# [Problem]
Wherever "above" shows up in the records below, copy the whole line.

# [Data to use]
(* Let $i\ge 7$ be an odd integer such that $(i+1)/2$ is even. Then for every $t\in\{1,\dots,\tfrac{i-3}{4}\}$, \[S(i)=\left\langle 2,\tfrac{i+1}{2}+2t+1\right\rangle\cap\bigcap_{k=t}^{(i-3)/4}T\!\left(\tfrac{i+1}{2}+2k+1\right),\] and this intersection is a factorization of $S(i)$ into irreducible numerical semigroups (i.e. it cannot be refined).
   Context: $\mathbb{N}$ denotes the non-negative integers. A numerical semigroup is a submonoid of $(\mathbb{N},+)$ with finite complement. A numerical semigroup is irreducible if it cannot be written as the intersection of two numerical semigroups properly containing it. $\langle a,b\rangle=\{xa+yb:x,y\in\mathbb{N}\}$; for $b$ odd, $\langle 2,b\rangle$ is irreducible. For an odd integer $j\ge 3$, $T(j)=\{0,\tfrac{j+1}{2},\tfrac{j+1}{2}+1,\dots,j-1\}\cup\{n\in\mathbb{Z}:n\ge j+1\}$; each $T(j)$ is an irreducible numerical semigroup. For odd $i\ge5$, $S(i)=\langle 2,i\rangle\cap T(i)$. Given a numerical semigroup $S$ and irreducible numerical semigroups $S_1,\dots,S_n$, the expression $S_1\cap\dots\cap S_n$ is a factorization of $S$ (of length $n$) if $S=S_1\cap\dots\cap S_n$ and $S\neq\bigcap_{j\in J}S_j$ for every nonempty proper subset $J\subsetneq\{1,\dots,n\}$. *)

theory Defs
  imports Main
begin

definition numerical_semigroup :: "nat set \<Rightarrow> bool" where
  "numerical_semigroup S \<longleftrightarrow> 0 \<in> S \<and> (\<forall>x\<in>S. \<forall>y\<in>S. x + y \<in> S) \<and> finite (UNIV - S)"

definition irreducible_ns :: "nat set \<Rightarrow> bool" where
  "irreducible_ns S \<longleftrightarrow> numerical_semigroup S \<and>
     \<not> (\<exists>A B. numerical_semigroup A \<and> numerical_semigroup B \<and> S \<subset> A \<and> S \<subset> B \<and> S = A \<inter> B)"

definition gen2 :: "nat \<Rightarrow> nat \<Rightarrow> nat set" where
  "gen2 a b = {x * a + y * b | x y. True}"

definition T :: "nat \<Rightarrow> nat set" where
  "T j = {0} \<union> {(j + 1) div 2 ..< j} \<union> {j + 1 ..}"

definition S :: "nat \<Rightarrow> nat set" where
  "S i = gen2 2 i \<inter> T i"

definition is_factorization :: "nat set \<Rightarrow> nat set list \<Rightarrow> bool" where
  "is_factorization X Ss \<longleftrightarrow> Ss \<noteq> [] \<and> (\<forall>j<length Ss. irreducible_ns (Ss ! j)) \<and>
     X = (\<Inter>j\<in>{..<length Ss}. Ss ! j) \<and>
     (\<forall>J. J \<noteq> {} \<and> J \<subset> {..<length Ss} \<longrightarrow> X \<noteq> (\<Inter>j\<in>J. Ss ! j))"

end

theory Submission
  imports Defs
begin

text \<open>Since (i + 1)/2 is even, i = 4m + 3, and S(i) consists of 0, the even numbers
  from 2m + 2 on and all numbers above 4m + 3; its odd gaps beyond 2m + 1 are
  2m + 3, 2m + 5, ..., 4m + 3. The factor \<langle>2, 2m + 2t + 3\<rangle> removes the odd gaps below
  2m + 2t + 3, and T(2m + 2k + 3) removes exactly the gap 2m + 2k + 3 among the
  numbers above m + k + 1. No factor can be dropped, because each one alone excludes a
  particular odd gap: 2m + 3 for \<langle>2, 2m + 2t + 3\<rangle> (here t \<ge> 1 is used) and
  2m + 2k + 3 for T(2m + 2k + 3).\<close>

lemma mem_gen2_two_odd:
  assumes "odd b"
  shows "x \<in> gen2 2 b \<longleftrightarrow> even x \<or> b \<le> x"
proof
  assume "x \<in> gen2 2 b"
  then obtain u v where "x = u * 2 + v * b"
    unfolding gen2_def by blast
  then show "even x \<or> b \<le> x"
    by (cases v) auto
next
  assume "even x \<or> b \<le> x"
  then have "x = (x div 2) * 2 + 0 * b \<or> x = ((x - b) div 2) * 2 + 1 * b"
    using assms by (cases "even x") auto
  then show "x \<in> gen2 2 b"
    unfolding gen2_def by blast
qed

lemma mem_T: "x \<in> T j \<longleftrightarrow> x = 0 \<or> ((j + 1) div 2 \<le> x \<and> x \<noteq> j)"
  unfolding T_def by auto

lemma mem_S:
  assumes "odd i"
  shows "x \<in> S i \<longleftrightarrow> x = 0 \<or> (even x \<and> (i + 1) div 2 \<le> x) \<or> i < x"
  unfolding S_def Int_iff mem_gen2_two_odd[OF assms] mem_T using assms by auto

lemma irreducible_nsI:
  assumes "numerical_semigroup X" and "g \<notin> X"
    and "\<And>A. numerical_semigroup A \<Longrightarrow> X \<subset> A \<Longrightarrow> g \<in> A"
  shows "irreducible_ns X"
  unfolding irreducible_ns_def using assms by blast

lemma numerical_semigroup_gen2_two_odd:
  assumes "odd b"
  shows "numerical_semigroup (gen2 2 b)"
proof -
  have "finite (UNIV - gen2 2 b)"
    by (rule finite_subset[of _ "{..<b}"]) (auto simp: mem_gen2_two_odd[OF assms])
  then show ?thesis
    unfolding numerical_semigroup_def by (auto simp: mem_gen2_two_odd[OF assms])
qed

lemma numerical_semigroup_T:
  assumes "odd j"
  shows "numerical_semigroup (T j)"
proof -
  have "finite (UNIV - T j)"
    by (rule finite_subset[of _ "{..j}"]) (auto simp: mem_T)
  moreover have "x + y \<in> T j" if "x \<in> T j" and "y \<in> T j" for x y
    using that assms by (auto simp: mem_T elim!: oddE)
  ultimately show ?thesis
    unfolding numerical_semigroup_def by (simp add: mem_T)
qed

text \<open>In both cases the Frobenius number g lies in every proper over-semigroup: any new
  element x is a gap with g - x already in the semigroup.\<close>

lemma irreducible_gen2_two_odd:
  assumes "odd b" and "3 \<le> b"
  shows "irreducible_ns (gen2 2 b)"
proof (rule irreducible_nsI[OF numerical_semigroup_gen2_two_odd[OF assms(1)], of "b - 2"])
  show "b - 2 \<notin> gen2 2 b"
    using assms by (simp add: mem_gen2_two_odd)
  fix A assume A: "numerical_semigroup A" "gen2 2 b \<subset> A"
  then obtain x where x: "x \<in> A" "x \<notin> gen2 2 b"
    by blast
  then have "odd x" "x < b"
    by (auto simp: mem_gen2_two_odd[OF assms(1)])
  then have "x \<le> b - 2" "even (b - 2 - x)"
    using assms by presburger+
  then have "b - 2 - x \<in> gen2 2 b"
    using assms by (simp add: mem_gen2_two_odd)
  then have "b - 2 - x \<in> A"
    using A by blast
  with x A have "x + (b - 2 - x) \<in> A"
    unfolding numerical_semigroup_def by blast
  with \<open>x \<le> b - 2\<close> show "b - 2 \<in> A"
    by (metis le_add_diff_inverse)
qed

lemma irreducible_T:
  assumes "odd j"
  shows "irreducible_ns (T j)"
proof (rule irreducible_nsI[OF numerical_semigroup_T[OF assms], of j])
  show "j \<notin> T j"
    using assms by (simp add: mem_T odd_pos)
  fix A assume A: "numerical_semigroup A" "T j \<subset> A"
  then obtain x where x: "x \<in> A" "x \<notin> T j"
    by blast
  show "j \<in> A"
  proof (cases "x = j")
    case False
    with x have "0 < x" "x < (j + 1) div 2"
      by (auto simp: mem_T)
    then have "j - x \<in> T j"
      using assms by (auto simp: mem_T elim!: oddE)
    then have "j - x \<in> A"
      using A by blast
    with x A have "x + (j - x) \<in> A"
      unfolding numerical_semigroup_def by blast
    with \<open>x < (j + 1) div 2\<close> show ?thesis
      by simp
  qed (use x in simp)
qed

lemma is_factorizationI:
  assumes "Ss \<noteq> []" and "distinct Ss" and "\<forall>A\<in>set Ss. irreducible_ns A" and "X = \<Inter>(set Ss)"
    and witness: "\<And>A. A \<in> set Ss \<Longrightarrow> \<exists>w. w \<notin> X \<and> (\<forall>B\<in>set Ss - {A}. w \<in> B)"
  shows "is_factorization X Ss"
  unfolding is_factorization_def
proof (intro conjI allI impI)
  show "X = (\<Inter>j\<in>{..<length Ss}. Ss ! j)"
    using assms(4) by (simp add: set_conv_nth) blast
  fix J assume J: "J \<noteq> {} \<and> J \<subset> {..<length Ss}"
  then obtain j where j: "j < length Ss" "j \<notin> J"
    by blast
  then obtain w where w: "w \<notin> X" "\<forall>B\<in>set Ss - {Ss ! j}. w \<in> B"
    using witness nth_mem by blast
  have "w \<in> Ss ! k" if "k \<in> J" for k
  proof -
    have "k < length Ss" "k \<noteq> j"
      using J j that by auto
    then show ?thesis
      using w(2) j(1) assms(2) by (simp add: nth_eq_iff_index_eq)
  qed
  with w(1) show "X \<noteq> (\<Inter>j\<in>J. Ss ! j)"
    by blast
qed (use assms in auto)

lemma mem_S_4m3: "x \<in> S (4 * m + 3) \<longleftrightarrow> x = 0 \<or> (even x \<and> 2 * m + 2 \<le> x) \<or> 4 * m + 3 < x"
  by (subst mem_S) simp_all

lemma mem_T_odd_shift: "x \<in> T (2 * m + 2 * k + 3) \<longleftrightarrow> x = 0 \<or> (m + k + 1 < x \<and> x \<noteq> 2 * m + 2 * k + 3)"
  unfolding mem_T by auto

lemma S_eq_gen2_Int_T:
  assumes "t \<le> m"
  shows "S (4 * m + 3) = gen2 2 (2 * m + 2 * t + 3) \<inter> (\<Inter>k\<in>{t..m}. T (2 * m + 2 * k + 3))"
    (is "_ = ?G \<inter> ?Ts")
proof (intro equalityI subsetI)
  fix x assume "x \<in> S (4 * m + 3)"
  then show "x \<in> ?G \<inter> ?Ts"
    using assms by (auto simp: mem_S_4m3 mem_gen2_two_odd mem_T_odd_shift)
next
  fix x assume x: "x \<in> ?G \<inter> ?Ts"
  show "x \<in> S (4 * m + 3)"
  proof (rule ccontr)
    assume "x \<notin> S (4 * m + 3)"
    moreover have "x \<in> T (2 * m + 2 * m + 3)"
      using x assms atLeastAtMost_iff order_refl by blast
    then have "x = 0 \<or> (m + m + 1 < x \<and> x \<noteq> 2 * m + 2 * m + 3)"
      by (simp only: mem_T_odd_shift)
    ultimately have "odd x" "x < 4 * m + 3"
      by (auto simp: mem_S_4m3)
    moreover have "2 * m + 2 * t + 3 \<le> x"
      using x \<open>odd x\<close> by (simp add: mem_gen2_two_odd)
    moreover obtain q where "x = 2 * q + 1"
      using \<open>odd x\<close> by (rule oddE)
    ultimately have "x = 2 * m + 2 * (q - m - 1) + 3" "q - m - 1 \<in> {t..m}"
      by auto
    then have "x \<in> T (2 * m + 2 * (q - m - 1) + 3)" "x = 2 * m + 2 * (q - m - 1) + 3"
      using x by blast+
    then show False
      by (simp only: mem_T_odd_shift) simp
  qed
qed

lemma gap_mem_T_shift_iff:
  assumes "k' \<le> m"
  shows "2 * m + 2 * k + 3 \<in> T (2 * m + 2 * k' + 3) \<longleftrightarrow> k \<noteq> k'"
  using assms by (auto simp: mem_T_odd_shift)

lemma odd_gap_notin_S_4m3:
  assumes "odd w" and "w \<le> 4 * m + 3"
  shows "w \<notin> S (4 * m + 3)"
  using assms by (auto simp: mem_S_4m3 odd_pos)

lemma is_factorization_S_4m3:
  assumes "1 \<le> t" and "t \<le> m"
  shows "is_factorization (S (4 * m + 3))
           (gen2 2 (2 * m + 2 * t + 3) # map (\<lambda>k. T (2 * m + 2 * k + 3)) [t..<m + 1])"
    (is "is_factorization _ (?G # map ?T _)")
proof (rule is_factorizationI)
  have set_eq: "set (?G # map ?T [t..<m + 1]) = insert ?G (?T ` {t..m})"
    by auto
  have G_gap: "2 * m + 3 \<notin> ?G"
    using assms(1) by (simp add: mem_gen2_two_odd)
  have T_gap: "2 * m + 3 \<in> ?T k" if "k \<in> {t..m}" for k
    using gap_mem_T_shift_iff[of k m 0] that assms(1) by simp
  have "inj_on ?T (set [t..<m + 1])"
    by (rule inj_onI) (metis gap_mem_T_shift_iff set_upt atLeastLessThan_iff Suc_eq_plus1 less_Suc_eq_le)
  moreover have "?G \<notin> set (map ?T [t..<m + 1])"
    using G_gap T_gap by auto
  ultimately show "distinct (?G # map ?T [t..<m + 1])"
    by (simp only: distinct.simps distinct_map distinct_upt) simp
  show "\<forall>A\<in>set (?G # map ?T [t..<m + 1]). irreducible_ns A"
    by (auto intro: irreducible_gen2_two_odd irreducible_T)
  show "S (4 * m + 3) = \<Inter>(set (?G # map ?T [t..<m + 1]))"
    unfolding set_eq S_eq_gen2_Int_T[OF assms(2)] by simp
  fix A assume "A \<in> set (?G # map ?T [t..<m + 1])"
  then consider "A = ?G" | k where "k \<in> {t..m}" "A = ?T k"
    unfolding set_eq by blast
  then show "\<exists>w. w \<notin> S (4 * m + 3) \<and> (\<forall>B\<in>set (?G # map ?T [t..<m + 1]) - {A}. w \<in> B)"
  proof cases
    case 1
    then show ?thesis
      using odd_gap_notin_S_4m3[of "2 * m + 3" m] T_gap unfolding set_eq by auto
  next
    case (2 k)
    have "2 * m + 2 * k + 3 \<in> ?G"
      using 2(1) by (simp add: mem_gen2_two_odd)
    moreover have "2 * m + 2 * k + 3 \<in> ?T k'" if "k' \<in> {t..m}" "?T k' \<noteq> ?T k" for k'
      using that gap_mem_T_shift_iff[of k' m k] by auto
    moreover have "2 * m + 2 * k + 3 \<notin> S (4 * m + 3)"
      using 2(1) by (intro odd_gap_notin_S_4m3) auto
    ultimately show ?thesis
      using 2(2) unfolding set_eq by blast
  qed
qed simp

theorem lemma2p3:
  fixes i t :: nat
  assumes "odd i" and "i \<ge> 7" and "even ((i + 1) div 2)"
    and "1 \<le> t" and "t \<le> (i - 3) div 4"
  shows "S i = gen2 2 ((i + 1) div 2 + 2 * t + 1) \<inter>
               (\<Inter>k\<in>{t..(i - 3) div 4}. T ((i + 1) div 2 + 2 * k + 1))
       \<and> is_factorization (S i)
           (gen2 2 ((i + 1) div 2 + 2 * t + 1) #
            map (\<lambda>k. T ((i + 1) div 2 + 2 * k + 1)) [t..<(i - 3) div 4 + 1])"
proof -
  define m where "m = (i - 3) div 4"
  have i: "i = 4 * m + 3"
    unfolding m_def using assms(1,3) by presburger
  have shift: "(i + 1) div 2 + 2 * k + 1 = 2 * m + 2 * k + 3" for k
    using i by simp
  have "t \<le> m"
    using assms(5) unfolding m_def .
  then show ?thesis
    unfolding shift m_def[symmetric] unfolding i
    using S_eq_gen2_Int_T is_factorization_S_4m3 assms(4) by blast
qed

end
(* A product of an n x k and a k x n matrix with k < n has rank at most k, so it is not the
   identity: pad both factors by zero columns and compare determinants. *)
lemma thin_product_neq_one:
  fixes A B :: "'a :: field mat"
  assumes A: "A \<in> carrier_mat n k" and B: "B \<in> carrier_mat n k" and "k < n"
  shows "A * B\<^sup>T \<noteq> 1\<^sub>m n"
proof
  assume AB: "A * B\<^sup>T = 1\<^sub>m n"
  define pad :: "'a mat \<Rightarrow> 'a mat" where
    "pad M = mat n n (\<lambda>(i,j). if j < k then M $$ (i,j) else 0)" for M
  have pad_carrier: "pad M \<in> carrier_mat n n" for M by (simp add: pad_def)
  have "pad A * (pad B)\<^sup>T = A * B\<^sup>T"
  proof (rule eq_matI)
    fix i j assume ij: "i < dim_row (A * B\<^sup>T)" "j < dim_col (A * B\<^sup>T)"
    have "(pad A * (pad B)\<^sup>T) $$ (i,j) =
        (\<Sum>l\<in>{0..<n}. (if l < k then A $$ (i,l) else 0) * (if l < k then B $$ (j,l) else 0))"
      using ij A B by (simp add: pad_def scalar_prod_def)
    also have "\<dots> = (\<Sum>l\<in>{0..<k}. A $$ (i,l) * B $$ (j,l))"
      using \<open>k < n\<close> by (intro sum.mono_neutral_cong_right) auto
    also have "\<dots> = (A * B\<^sup>T) $$ (i,j)"
      using ij A B by (simp add: scalar_prod_def)
    finally show "(pad A * (pad B)\<^sup>T) $$ (i,j) = (A * B\<^sup>T) $$ (i,j)" .
  qed (use A B in \<open>simp_all add: pad_def\<close>)
  moreover have "det (pad A) = 0"
  proof -
    have "pad A *\<^sub>v unit_vec n k = 0\<^sub>v n"
      by (intro eq_vecI) (auto simp: pad_def scalar_prod_def unit_vec_def intro!: sum.neutral)
    moreover have "unit_vec n k \<noteq> (0\<^sub>v n :: 'a vec)"
      using \<open>k < n\<close> by (metis index_unit_vec(1) index_zero_vec(1) zero_neq_one)
    ultimately show ?thesis
      using det_0_iff_vec_prod_zero_field[OF pad_carrier] unit_vec_carrier by metis
  qed
  moreover have "det (pad A * (pad B)\<^sup>T) = det (pad A) * det ((pad B)\<^sup>T)"
    using pad_carrier by (intro det_mult) auto
  ultimately show False using AB by simp
qed
(* Let $p,l$ be distinct odd primes and let $\Gamma=\psi(\tilde\Gamma)$ be the group described in the context. Then $\Gamma$ is commutative transitive: for all $a,b,c\in\Gamma\setminus\{1\}$, if $a$ commutes with $b$ and $b$ commutes with $c$, then $a$ commutes with $c$.
   Context: Let $p,l$ be distinct odd primes. Let $\mathbb H(\mathbb Z)$ be the ring of quaternions $x=x_0+x_1i+x_2j+x_3k$ with $x_0,\dots,x_3\in\mathbb Z$, where $i^2=j^2=k^2=-1$, $ij=-ji=k$; write $|x|^2=x_0^2+x_1^2+x_2^2+x_3^2$. Fix $c_p,d_p\in\mathbb Q_p$ with $c_p^2+d_p^2+1=0$ and $c_l,d_l\in\mathbb Q_l$ with $c_l^2+d_l^2+1=0$. Define $\psi:\mathbb H(\mathbb Z)\setminus\{0\}\to G:=PGL_2(\mathbb Q_p)\times PGL_2(\mathbb Q_l)$ by sending $x$ to the class of the pair $\left(\begin{pmatrix} x_0+x_1c_p+x_3d_p & -x_1d_p+x_2+x_3c_p\\ -x_1d_p-x_2+x_3c_p & x_0-x_1c_p-x_3d_p\end{pmatrix},\begin{pmatrix} x_0+x_1c_l+x_3d_l & -x_1d_l+x_2+x_3c_l\\ -x_1d_l-x_2+x_3c_l & x_0-x_1c_l-x_3d_l\end{pmatrix}\right)$. Let $\tilde\Gamma$ be the set of $x\in\mathbb H(\mathbb Z)$ such that $|x|^2=p^rl^s$ for some integers $r,s\ge 0$, and such that $x_0$ is odd and $x_1,x_2,x_3$ are even if $|x|^2\equiv 1\pmod 4$, while $x_1$ is even and $x_0,x_2,x_3$ are odd if $|x|^2\equiv 3\pmod 4$. Then $\Gamma=\psi(\tilde\Gamma)$ is a torsion-free cocompact lattice in $G$. *)

theory Defs
  imports "HOL-Analysis.Analysis"
begin

text \<open>Integer quaternions x = x0 + x1 i + x2 j + x3 k, represented by their coordinates.\<close>
type_synonym hquat = "int \<times> int \<times> int \<times> int"

definition qnorm :: "hquat \<Rightarrow> int" where
  "qnorm x = (case x of (x0, x1, x2, x3) \<Rightarrow> x0^2 + x1^2 + x2^2 + x3^2)"

definition Gamma_tilde :: "nat \<Rightarrow> nat \<Rightarrow> hquat set" where
  "Gamma_tilde p l = {(x0, x1, x2, x3).
     (\<exists>r s. qnorm (x0, x1, x2, x3) = int p ^ r * int l ^ s) \<and>
     (qnorm (x0, x1, x2, x3) mod 4 = 1 \<longrightarrow> odd x0 \<and> even x1 \<and> even x2 \<and> even x3) \<and>
     (qnorm (x0, x1, x2, x3) mod 4 = 3 \<longrightarrow> even x1 \<and> odd x0 \<and> odd x2 \<and> odd x3)}"

definition mat2 :: "'a::field \<Rightarrow> 'a \<Rightarrow> 'a \<Rightarrow> 'a \<Rightarrow> 'a^2^2" where
  "mat2 a b c d = (\<chi> i j. if i = 1 then (if j = 1 then a else b) else (if j = 1 then c else d))"

definition psi_comp :: "'a::field \<Rightarrow> 'a \<Rightarrow> hquat \<Rightarrow> 'a^2^2" where
  "psi_comp c d x = (case x of (x0, x1, x2, x3) \<Rightarrow>
     mat2 (of_int x0 + of_int x1 * c + of_int x3 * d)
          (- of_int x1 * d + of_int x2 + of_int x3 * c)
          (- of_int x1 * d - of_int x2 + of_int x3 * c)
          (of_int x0 - of_int x1 * c - of_int x3 * d))"

text \<open>Equality of classes in PGL_2(K): the representatives differ by a nonzero scalar.\<close>
definition pgl_eq :: "'a::field^2^2 \<Rightarrow> 'a^2^2 \<Rightarrow> bool" where
  "pgl_eq A B \<longleftrightarrow> (\<exists>t. t \<noteq> 0 \<and> (\<forall>i j. A $ i $ j = t * B $ i $ j))"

# [The answer]
  from 2m + 2 on and all numbers above 4m + 3; its odd gaps beyond 2m + 1 are
  numbers above m + k + 1. No factor can be dropped, because each one alone excludes a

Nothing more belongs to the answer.